Wrocławski sąd apelacyjny utrzymał wyrok trzech i pół roku więzienia dla Ryszarda Forbricha, ps. Fryzjer, w procesie dotyczącym korupcji w klubie piłkarskim Arka Gdynia . Byłemu prezesowi Jackowi Milewskiemu obniżono karę z czterech do trzech lat więzienia.

Milewski był oskarżony m.in. o kierowanie zorganizowaną grupą przestępczą, a "Fryzjer" m.in. o udział w niej oraz wręczanie łapówek. Na ławie oskarżonych zasiadło w sumie 17 osób: działaczy Arki, obserwatorów PZPN, sędziów i jeden piłkarz. Sąd zmienił częściowo wyroki dziewięciu oskarżonym, obniżając w większości wymiar kar.

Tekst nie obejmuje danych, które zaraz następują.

lemma phi_expansion_error:
  "\<forall>\<^sub>F t in at_right (0::real). \<bar>phi t - (1 - t ^ 2 / 24)\<bar> \<le> 1300 * t ^ 4"
proof -
  have "\<forall>\<^sub>F t in at_right (0::real). 0 < t \<and> t \<le> 1/4"
    unfolding eventually_at_right_field by (intro exI[of _ "1/4"]) auto
  then show ?thesis
  proof eventually_elim
    case (elim t)
    then have t: "0 < t" "t \<le> 1" by auto
    have "(\<Sum>i\<in>{1..6::nat}. t ^ i) \<le> (\<Sum>i\<in>{1..6::nat}. (1/4) ^ i)"
      using elim by (intro sum_powers_mono) auto
    also have "\<dots> \<le> 1/2"
      unfolding sum_1_6 by (simp add: power_divide)
    finally have approx: "\<bar>phi t - (1 - (\<Sum>i\<in>{1..6::nat}. (t ^ i) ^ 2) / 24)\<bar> \<le> (\<Sum>i\<in>{1..6::nat}. t ^ i) ^ 4"
      using phi_approx t by simp
    have "(\<Sum>i\<in>{1..6::nat}. t ^ i) \<le> (\<Sum>i\<in>{1..6::nat}. t)"
      using t by (intro sum_mono power_decreasing[of 1, simplified]) auto
    then have "(\<Sum>i\<in>{1..6::nat}. t ^ i) ^ 4 \<le> (6 * t) ^ 4"
      using t by (intro power_mono sum_nonneg) auto
    then have sigma: "(\<Sum>i\<in>{1..6::nat}. t ^ i) ^ 4 \<le> 1296 * t ^ 4"
      by (simp add: power_mult_distrib)
    have squares: "(\<Sum>i\<in>{1..6::nat}. (t ^ i) ^ 2) = t ^ 2 + (\<Sum>i\<in>{2..6::nat}. (t ^ i) ^ 2)"
      by (simp add: sum.atLeast_Suc_atMost numeral_2_eq_2)
    have "(\<Sum>i\<in>{2..6::nat}. (t ^ i) ^ 2) \<le> (\<Sum>i\<in>{2..6::nat}. t ^ 4)"
      using t by (intro sum_mono) (auto simp flip: power_mult intro!: power_decreasing)
    then have tail: "(\<Sum>i\<in>{2..6::nat}. (t ^ i) ^ 2) \<le> 5 * t ^ 4"
      by simp
    have "0 \<le> (\<Sum>i\<in>{2..6::nat}. (t ^ i) ^ 2)" and "0 \<le> t ^ 4"
      by (simp_all add: sum_nonneg)
    with approx sigma squares tail show ?case
      unfolding abs_le_iff by linarith
  qed
qed

lemma phi_tendsto_one: "(phi \<longlongrightarrow> 1) (at_right 0)"
proof (rule LIM_zero_cancel, rule Lim_null_comparison)
  show "\<forall>\<^sub>F t in at_right 0. norm (phi t - 1) \<le> 1300 * t ^ 4 + t ^ 2 / 24"
    using phi_expansion_error
  proof eventually_elim
    case (elim t)
    have "0 \<le> t ^ 2" by simp
    with elim show ?case
      unfolding real_norm_def abs_le_iff by linarith
  qed
  show "((\<lambda>t::real. 1300 * t ^ 4 + t ^ 2 / 24) \<longlongrightarrow> 0) (at_right 0)"
    by (auto intro!: tendsto_eq_intros)
qed

lemma sum_reverse_inverse_powers:
  fixes t :: real and e :: "nat \<Rightarrow> real"
  assumes "t \<noteq> 0"
  shows "(\<Sum>i\<in>{0..n}. e i * (1 / t) ^ i) = (\<Sum>i\<in>{0..n}. e (n - i) * t ^ i) / t ^ n"
proof -
  have "(\<Sum>i\<in>{0..n}. e (n - i) * t ^ i) = (\<Sum>i\<in>{0..n}. e i * t ^ (n - i))"
    by (subst sum.atLeastAtMost_rev) (intro sum.cong, auto)
  also have "\<dots> = (\<Sum>i\<in>{0..n}. e i * (1 / t) ^ i) * t ^ n"
    unfolding sum_distrib_right
    using assms by (intro sum.cong) (auto simp: power_diff power_one_over)
  finally show ?thesis
    using assms by simp
qed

Na karę dwóch lat bezwzględnego więzienia sąd skazał jednego z obserwatorów - Mariana Duszę. Sąd zmniejszył wyrok z dwóch i pół roku więzienia, głównie ze względu na zły stan zdrowia oskarżonego. Drugiemu z obserwatorów Jerzemu Głomskiemu sąd wymierzył karę dwóch lat więzienia w zawieszeniu na pięć lat.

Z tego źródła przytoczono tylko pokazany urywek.